TASK DESCRIPTION: A single number is required: the count of lines in the records below that contain the word "plane".

== == ==

lemma corr_matrix_rho_filtered_entry:
  "corr_matrix (rho_filtered p x y z) $ j $ (i, k) =
     ghz_corr (Dval p x y z / normN p x y z) (sqrt 2 / 2 * (p*x*y*z / normN p x y z))
       (axis i 1) (axis j 1) (axis k 1)"
  unfolding corr_matrix_def sigma_eq_dot_sigma_axis
  by (simp add: mtrace_mult_commute[of "rho_filtered p x y z"] mtrace_observable_rho_filtered)

lemma ghz_corr_matrix_gram:
  fixes M :: "real^(3 \<times> 3)^3"
  assumes M: "\<And>i j k. M $ j $ (i, k) = ghz_corr d \<alpha> (axis i 1) (axis j 1) (axis k 1)"
  shows "M ** transpose M = (\<chi> j j'. if j = j' then (if j = 3 then d^2 else 2*\<alpha>^2) else 0)"
proof -
  have entry: "(M ** transpose M) $ j $ j' = (\<Sum>i\<in>UNIV. \<Sum>k\<in>UNIV. M$j$(i,k) * M$j'$(i,k))" for j j'
    unfolding matrix_matrix_mult_def transpose_def vec_lambda_beta
    by (simp add: sum.cartesian_product UNIV_Times_UNIV)
  have axis:
    "axis (1::3) (1::real) $ 1 = 1" "axis (1::3) (1::real) $ 2 = 0" "axis (1::3) (1::real) $ 3 = 0"
    "axis (2::3) (1::real) $ 1 = 0" "axis (2::3) (1::real) $ 2 = 1" "axis (2::3) (1::real) $ 3 = 0"
    "axis (3::3) (1::real) $ 1 = 0" "axis (3::3) (1::real) $ 2 = 0" "axis (3::3) (1::real) $ 3 = 1"
    by (simp_all add: axis_def)
  show ?thesis
    unfolding vec_eq_iff forall_3 entry sum_3 M
    by (simp add: ghz_corr_def axis power2_eq_square)
qed

lemma has_singular_values_of_diagonal_gram:
  fixes M :: "real^'n^3"
  assumes "M ** transpose M = (\<chi> j j'. if j = j' then (if j = 3 then t^2 else s^2) else 0)"
    and "0 \<le> s" "0 \<le> t"
  shows "has_singular_values M {#s, s, t#}"
  unfolding has_singular_values_def assms(1) det_3 using assms(2,3) by (auto simp: mat_def)

lemma has_singular_values_corr_matrix_rho_filtered:
  assumes "0 < normN p x y z" "0 \<le> p*x*y*z"
  shows "has_singular_values (corr_matrix (rho_filtered p x y z))
    {# p*x*y*z / normN p x y z, p*x*y*z / normN p x y z, \<bar>Dval p x y z\<bar> / normN p x y z #}"
proof (rule has_singular_values_of_diagonal_gram)
  show "corr_matrix (rho_filtered p x y z) ** transpose (corr_matrix (rho_filtered p x y z)) =
    (\<chi> j j'. if j = j' then (if j = 3 then (\<bar>Dval p x y z\<bar> / normN p x y z)^2
                                    else (p*x*y*z / normN p x y z)^2) else 0)"
    by (simp only: ghz_corr_matrix_gram[OF corr_matrix_rho_filtered_entry] two_mul_sqrt_2_half_sq
        power_divide power2_abs)
  show "0 \<le> p*x*y*z / normN p x y z" "0 \<le> \<bar>Dval p x y z\<bar> / normN p x y z"
    using assms by simp_all
qed

lemma sqrt_2_bounds: "1.414 < sqrt 2" "sqrt 2 < 2"
   by (rule real_less_rsqrt real_less_lsqrt; simp add: power2_eq_square)+

lemma normN_pos:
  assumes "0 \<le> p" "p \<le> 1" "0 < x" "0 < y" "0 < z"
  shows "0 < normN p x y z"
proof -
  have "0 \<le> (2 - sqrt 2)/4 * p" using sqrt_2_bounds assms by simp
  moreover have "0 \<le> (1 - p)/2 * x^2 * y^2" using assms by simp
  moreover have "0 < (2 + sqrt 2 * p)/4 * x^2 * y^2 * z^2" using assms by (simp add: add_pos_nonneg)
  ultimately show ?thesis unfolding normN_def by linarith
qed

text \<open>Minimising the quadratic A p + K u^2 against p u z at u = p z/(2K), with K = B + C z^2,
  leaves the margin p (p z^2 - 4 A K)/(4 K), and p z^2 - 4 A K = (p - 4 A C) z^2 - 4 A B is made
  equal to 1 by the choice of z.\<close>
lemma exists_quadratic_filter_below_linear:
  fixes A B C p :: real
  assumes "0 \<le> A" "0 \<le> B" "0 < C" "0 < p" "4*A*C < p"
  shows "\<exists>u z. 0 < u \<and> 0 < z \<and> A*p + (B + C*z^2)*u^2 < p*u*z"
proof -
  define z where "z = sqrt ((4*A*B + 1) / (p - 4*A*C))"
  have "0 < (4*A*B + 1) / (p - 4*A*C)"
    using assms by (simp add: add_nonneg_pos)
  then have z: "0 < z" "z^2 = (4*A*B + 1) / (p - 4*A*C)"
    by (simp_all add: z_def)
  define K where "K = B + C*z^2"
  have K: "0 < K" using assms z by (simp add: K_def add_nonneg_pos)
  have key: "p*z^2 - 4*A*K = 1"
    using z(2) assms(5) by (simp add: K_def field_simps)
  define u where "u = p*z / (2*K)"
  have "p*u*z - (A*p + K*u^2) = p * (p*z^2 - 4*A*K) / (4*K)"
    using K by (simp add: u_def field_simps power2_eq_square)
  also have "\<dots> > 0" using key assms(4) K by simp
  finally show ?thesis
    using assms(4) z(1) K by (intro exI[of _ u] exI[of _ z]) (simp add: u_def K_def)
qed

lemma pi_div_8_filter_condition:
  assumes "0.3697 \<le> p" "p \<le> 1"
  shows "4 * ((2 - sqrt 2)/4) * ((2 + sqrt 2 * p)/4) < p"
proof -
  define t where "t = sqrt 2 * (1 - p)"
  have "4 * ((2 - sqrt 2)/4) * ((2 + sqrt 2 * p)/4) = 1 - p/2 - t/2"
    unfolding t_def by (simp add: field_simps)
  moreover have "1.414 * (1 - p) \<le> t"
    unfolding t_def using sqrt_2_bounds(1) assms(2) by (intro mult_right_mono) simp_all
  ultimately show ?thesis using assms(1) by simp
qed

lemma exists_filter_normN_less:
  assumes "0.3697 \<le> p" "p \<le> 1"
  shows "\<exists>x z. 0 < x \<and> 0 < z \<and> normN p x 1 z < p*x*1*z"
proof -
  have "\<exists>u z. 0 < u \<and> 0 < z \<and>
      (2 - sqrt 2)/4 * p + ((1-p)/2 + (2 + sqrt 2 * p)/4 * z^2) * u^2 < p*u*z"
    using assms sqrt_2_bounds pi_div_8_filter_condition[OF assms]
    by (intro exists_quadratic_filter_below_linear) (simp_all add: add_pos_nonneg)
  then show ?thesis
    by (simp add: normN_def algebra_simps)
qed

theorem mainTheorem3:
  shows "(\<forall>p x y z :: real. 0 \<le> p \<and> p \<le> 1 \<and> x > 0 \<and> y > 0 \<and> z > 0 \<longrightarrow>
            has_singular_values (corr_matrix (rho_filtered p x y z))
              {# p*x*y*z / normN p x y z, p*x*y*z / normN p x y z, \<bar>Dval p x y z\<bar> / normN p x y z #}
          \<and> (p*x*y*z > \<bar>Dval p x y z\<bar> \<longrightarrow>
               4*p*x*y*z / normN p x y z \<in> svet_values (rho_filtered p x y z)
             \<and> (\<forall>v\<in>svet_values (rho_filtered p x y z). v \<le> 4*p*x*y*z / normN p x y z)))
       \<and> (\<forall>p :: real. 0.3697 \<le> p \<and> p \<le> 1 \<longrightarrow>
            (\<exists>x y z :: real. x > 0 \<and> y > 0 \<and> z > 0 \<and> violates_svetlichny (rho_filtered p x y z)))"
proof (intro conjI allI impI ballI)
  fix p x y z :: real
  assume "0 \<le> p \<and> p \<le> 1 \<and> x > 0 \<and> y > 0 \<and> z > 0"
  then have N: "0 < normN p x y z" and pxyz: "0 \<le> p*x*y*z"
    using normN_pos[of p x y z] by auto
  have four: "4*p*x*y*z / normN p x y z = 4 * (p*x*y*z / normN p x y z)"
    by simp
  show "has_singular_values (corr_matrix (rho_filtered p x y z))
      {# p*x*y*z / normN p x y z, p*x*y*z / normN p x y z, \<bar>Dval p x y z\<bar> / normN p x y z #}"
    by (rule has_singular_values_corr_matrix_rho_filtered[OF N pxyz])
  show "4*p*x*y*z / normN p x y z \<in> svet_values (rho_filtered p x y z)"
    unfolding four by (rule svet_values_rho_filtered_witness[OF divide_nonneg_pos[OF pxyz N]])
  fix v assume "\<bar>Dval p x y z\<bar> < p*x*y*z" and v: "v \<in> svet_values (rho_filtered p x y z)"
  then have "\<bar>Dval p x y z\<bar> \<le> p*x*y*z" by simp
  then show "v \<le> 4*p*x*y*z / normN p x y z"
    unfolding four by (rule svet_values_rho_filtered_le[OF N _ v])
next
  fix p :: real
  assume p: "0.3697 \<le> p \<and> p \<le> 1"
  then obtain x z where xz: "0 < x" "0 < z" and less: "normN p x 1 z < p*x*1*z"
    using exists_filter_normN_less by blast
  have "0 < normN p x 1 z"
    using p xz normN_pos[of p x 1 z] by simp
  with less have "violates_svetlichny (rho_filtered p x 1 z)"
    by (rule violates_svetlichny_rho_filtered)
  with xz show "\<exists>x y z :: real. x > 0 \<and> y > 0 \<and> z > 0 \<and> violates_svetlichny (rho_filtered p x y z)"
    by (intro exI[of _ x] exI[of _ 1] exI[of _ z]) simp
qed

end
(* Let $f$ be the solution of the radial Loewner PDE $$\frac{\partial f}{\partial t}(z,t)=-z f'(z,t)\,\frac{e^{it}+z}{e^{it}-z},\qquad f(z,0)=z,$$ on $\mathbb{D}\times[0,\infty)$, and let $\gamma(t)=f(e^{it},t)=\phi^{-1}(e^{(i-1)t}\phi(1))$ with $\phi(z)=z(z-i)^{i-1}$. Then $\gamma$ leaves the unit circle orthogonally at $1$: $\lim_{t\to0^+}\operatorname{Arg}(1-\gamma(t))=0$.
   Context: $\mathbb{D}$ is the unit disc, $f'=\partial f/\partial z$; $\phi$ is univalent on $\mathbb{D}$ with the power defined via a holomorphic branch of $\log(z-i)$ on $\mathbb{D}$. $\operatorname{Arg}$ denotes the principal argument. *)

theory Defs
  imports "HOL-Analysis.Analysis"
begin

text \<open>phi(z) = z (z - i)^(i - 1), the power taken via the principal logarithm of z - i,
  which is holomorphic on the unit disc (z - i lies in the open lower half plane there)
  and continuous up to z = 1.\<close>
definition phi :: "complex \<Rightarrow> complex" where
  "phi z = z * (z - \<i>) powr (\<i> - 1)"

definition gamma :: "real \<Rightarrow> complex" where
  "gamma t = inv_into (ball 0 1) phi (exp ((\<i> - 1) * complex_of_real t) * phi 1)"

end

theory Submission
  imports Defs
begin

text \<open>
  For \<open>Re w < 0\<close>, \<open>phi_lift w = w + (\<i> - 1) Ln (e^w - \<i>)\<close> is a logarithm of \<open>phi (e^w)\<close>
  whose derivative, rotated by \<open>1 + \<i>\<close>, has positive real part. So \<open>phi_lift\<close> is injective on the
  left half plane (Noshiro-Warschawski), and since it commutes with translation by \<open>2 \<pi> \<i>\<close>,
  \<open>phi\<close> is injective on the disc. Near 1 a logarithm of \<open>phi z / phi 1\<close> is
  \<open>(\<i> - 1) (z - 1)^2 / 4 + O(\<bar>z - 1\<bar>^3)\<close>, so Brouwer's fixed point theorem solves
  \<open>phi z = e^((\<i> - 1) t) phi 1\<close> by some \<open>z = 1 - 2 \<surd>t + o(\<surd>t)\<close> in the disc. By injectivity
  this \<open>z\<close> is \<open>gamma t\<close>, so \<open>1 - gamma t\<close> is asymptotic to the positive number \<open>2 \<surd>t\<close>.
\<close>

lemma inj_on_if_Re_deriv_pos:
  fixes f f' :: "complex \<Rightarrow> complex"
  assumes "convex S"
    and deriv: "\<And>z. z \<in> S \<Longrightarrow> (f has_field_derivative f' z) (at z)"
    and pos: "\<And>z. z \<in> S \<Longrightarrow> Re (f' z) > 0"
  shows "inj_on f S"
proof (rule inj_onI, rule ccontr)
  fix a b assume a: "a \<in> S" and b: "b \<in> S" and eq: "f a = f b" and "a \<noteq> b"
  define g where "g x = Re (f (a + of_real x * (b - a)) / (b - a))" for x :: real
  have "g 0 < g 1"
  proof (rule DERIV_pos_imp_increasing[where f=g])
    fix x :: real assume x: "0 \<le> x" "x \<le> 1"
    define z where "z = a + of_real x * (b - a)"
    have "z = (1 - x) *\<^sub>R a + x *\<^sub>R b"
      by (simp add: z_def scaleR_conv_of_real algebra_simps)
    then have zS: "z \<in> S" using convexD_alt[OF assms(1) a b x] by simp
    have "((\<lambda>w. f (a + w * (b - a)) / (b - a)) has_field_derivative f' z) (at (of_real x))"
      using deriv[OF zS] \<open>a \<noteq> b\<close> unfolding z_def
      by (auto intro!: derivative_eq_intros DERIV_chain2[where f=f])
    then have "(g has_field_derivative Re (f' z)) (at x)"
      using has_field_derivative_Re has_vector_derivative_real_field unfolding g_def [abs_def]
      by blast
    then show "\<exists>y. DERIV g x :> y \<and> 0 < y" using pos[OF zS] by blast
  qed simp
  moreover have "g 0 = g 1" using eq by (simp add: g_def)
  ultimately show False by simp
qed

lemma minus_i_notin_nonpos_Reals: "Im u < 1 \<Longrightarrow> u - \<i> \<notin> \<real>\<^sub>\<le>\<^sub>0"
  by (auto simp: complex_nonpos_Reals_iff)

definition phi_lift :: "complex \<Rightarrow> complex" where
  "phi_lift w = w + (\<i> - 1) * Ln (exp w - \<i>)"

lemma phi_lift_has_field_derivative:
  assumes "Re w < 0"
  shows "(phi_lift has_field_derivative (1 + (\<i> - 1) * exp w / (exp w - \<i>))) (at w)"
proof -
  have "Im (exp w) \<le> exp (Re w)" "exp (Re w) < 1"
    using abs_Im_le_cmod[of "exp w"] assms by auto
  then have "Im (exp w) < 1" by linarith
  then have "exp w - \<i> \<notin> \<real>\<^sub>\<le>\<^sub>0" by (rule minus_i_notin_nonpos_Reals)
  then show ?thesis
    unfolding phi_lift_def [abs_def]
    by (auto intro!: derivative_eq_intros simp: diff_divide_distrib divide_inverse algebra_simps)
qed

lemma Re_rotated_phi_lift_deriv:
  assumes "u \<noteq> \<i>"
  shows "Re ((1 + \<i>) * (1 + (\<i> - 1) * u / (u - \<i>))) = (1 - (norm u)\<^sup>2) / (norm (u - \<i>))\<^sup>2"
proof -
  have eq: "(1 + \<i>) * (1 + (\<i> - 1) * u / (u - \<i>)) = (\<i> - 1) * (u - 1) / (u - \<i>)"
    using assms by (simp add: field_simps)
  have num: "Re ((\<i> - 1) * (u - 1)) * Re (u - \<i>) + Im ((\<i> - 1) * (u - 1)) * Im (u - \<i>)
      = 1 - (norm u)\<^sup>2"
    using cmod_power2[of u] by (simp add: algebra_simps power2_eq_square)
  show ?thesis by (simp only: eq Re_divide' num)
qed

lemma inj_on_phi_lift: "inj_on phi_lift {w. Re w < 0}"
proof -
  have "inj_on (\<lambda>w. (1 + \<i>) * phi_lift w) {w. Re w < 0}"
  proof (rule inj_on_if_Re_deriv_pos[OF convex_halfspace_Re_lt])
    fix w assume "w \<in> {w. Re w < 0}"
    then have w: "Re w < 0" and "norm (exp w) < 1" by auto
    then have "(norm (exp w))\<^sup>2 < 1" by (simp add: power_less_one_iff)
    moreover have "exp w \<noteq> \<i>" using \<open>norm (exp w) < 1\<close> by (metis norm_ii order_less_irrefl)
    ultimately have "(1 - (norm (exp w))\<^sup>2) / (norm (exp w - \<i>))\<^sup>2 > 0"
      by (intro divide_pos_pos) auto
    then show "Re ((1 + \<i>) * (1 + (\<i> - 1) * exp w / (exp w - \<i>))) > 0"
      by (simp only: Re_rotated_phi_lift_deriv[OF \<open>exp w \<noteq> \<i>\<close>])
    show "((\<lambda>w. (1 + \<i>) * phi_lift w) has_field_derivative
        (1 + \<i>) * (1 + (\<i> - 1) * exp w / (exp w - \<i>))) (at w)"
      by (rule DERIV_cmult[OF phi_lift_has_field_derivative[OF w]])
  qed
  then show ?thesis by (auto simp: inj_on_def)
qed

lemma phi_lift_add_2pi:
  "phi_lift (w + \<i> * (of_int n * (of_real pi * 2))) = phi_lift w + \<i> * (of_int n * (of_real pi * 2))"
  by (simp add: phi_lift_def)

lemma phi_eq_exp_phi_lift: "z \<noteq> 0 \<Longrightarrow> z \<noteq> \<i> \<Longrightarrow> phi z = exp (phi_lift (Ln z))"
  by (simp add: phi_def powr_def phi_lift_def exp_add)
(* Consider the stochastic extra-momentum scheme with non-negative parameters $\alpha,\gamma,\tau$: starting from $z^0\in\mathcal Z$ with $z^{-1}:=z^0$ and $\hat F(z^{-1}):=\hat F(z^0)$, for $k\ge0$, $$z^{k+1}=P_{\mathcal Z}\big(z^k-\alpha\hat F(z^k)+\gamma(z^k-z^{k-1})-\tau(\hat F(z^k)-\hat F(z^{k-1}))\big).$$ Then for every $k\ge0$, $$\mathbb E\Big[\Big(\tfrac12+\tfrac{\alpha\mu}{2}-\tfrac{\gamma}{2}\Big)\|z^{k+1}-z^*\|^2+\alpha(z^{k+1}-z^* )^\top(\hat F(z^k)-\hat F(z^{k+1}))+\tfrac14\|z^{k+1}-z^k\|^2\Big]$$ $$\le\mathbb E\Big[\tfrac12\|z^k-z^*\|^2+\tau(z^k-z^* )^\top(\hat F(z^{k-1})-\hat F(z^k))+\Big(2\tau^2L^2+\tfrac{\gamma}{2}\Big)\|z^k-z^{k-1}\|^2\Big]+8\tau^2\sigma^2+\frac{\alpha\delta^2}{2\mu}.$$
   Context: Let $\mathcal Z\subseteq\mathbb R^n$ be a nonempty closed convex set. Let $F:\mathcal Z\to\mathbb R^n$ satisfy $(F(z)-F(z'))^\top(z-z')\ge\mu\|z-z'\|^2$ and $\|F(z)-F(z')\|\le L\|z-z'\|$ for all $z,z'\in\mathcal Z$, where $0<\mu\le L$. Let $z^*$ be the unique point of $\mathcal Z$ with $F(z^* )^\top(z-z^* )\ge 0$ for all $z\in\mathcal Z$. $P_{\mathcal Z}$ denotes Euclidean projection onto $\mathcal Z$. A stochastic oracle returns $\hat F(z,\xi)$ for a random sample $\xi$, and satisfies, for every $z\in\mathcal Z$, $\mathbb E_\xi\|\hat F(z,\xi)-F(z)\|\le\delta$ and $\mathbb E_\xi\|\hat F(z,\xi)-F(z)\|^2\le\sigma^2$ for constants $\delta,\sigma\ge0$. Each oracle call $\hat F(z^j)$ means $\hat F(z^j,\xi^j)$ with a fresh sample $\xi^j$ independent of all previous samples (one sample per iterate, reused wherever $\hat F(z^j)$ appears). *)

theory Defs
  imports "HOL-Probability.Probability"
begin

== == ==

TASK RESPONSE: 2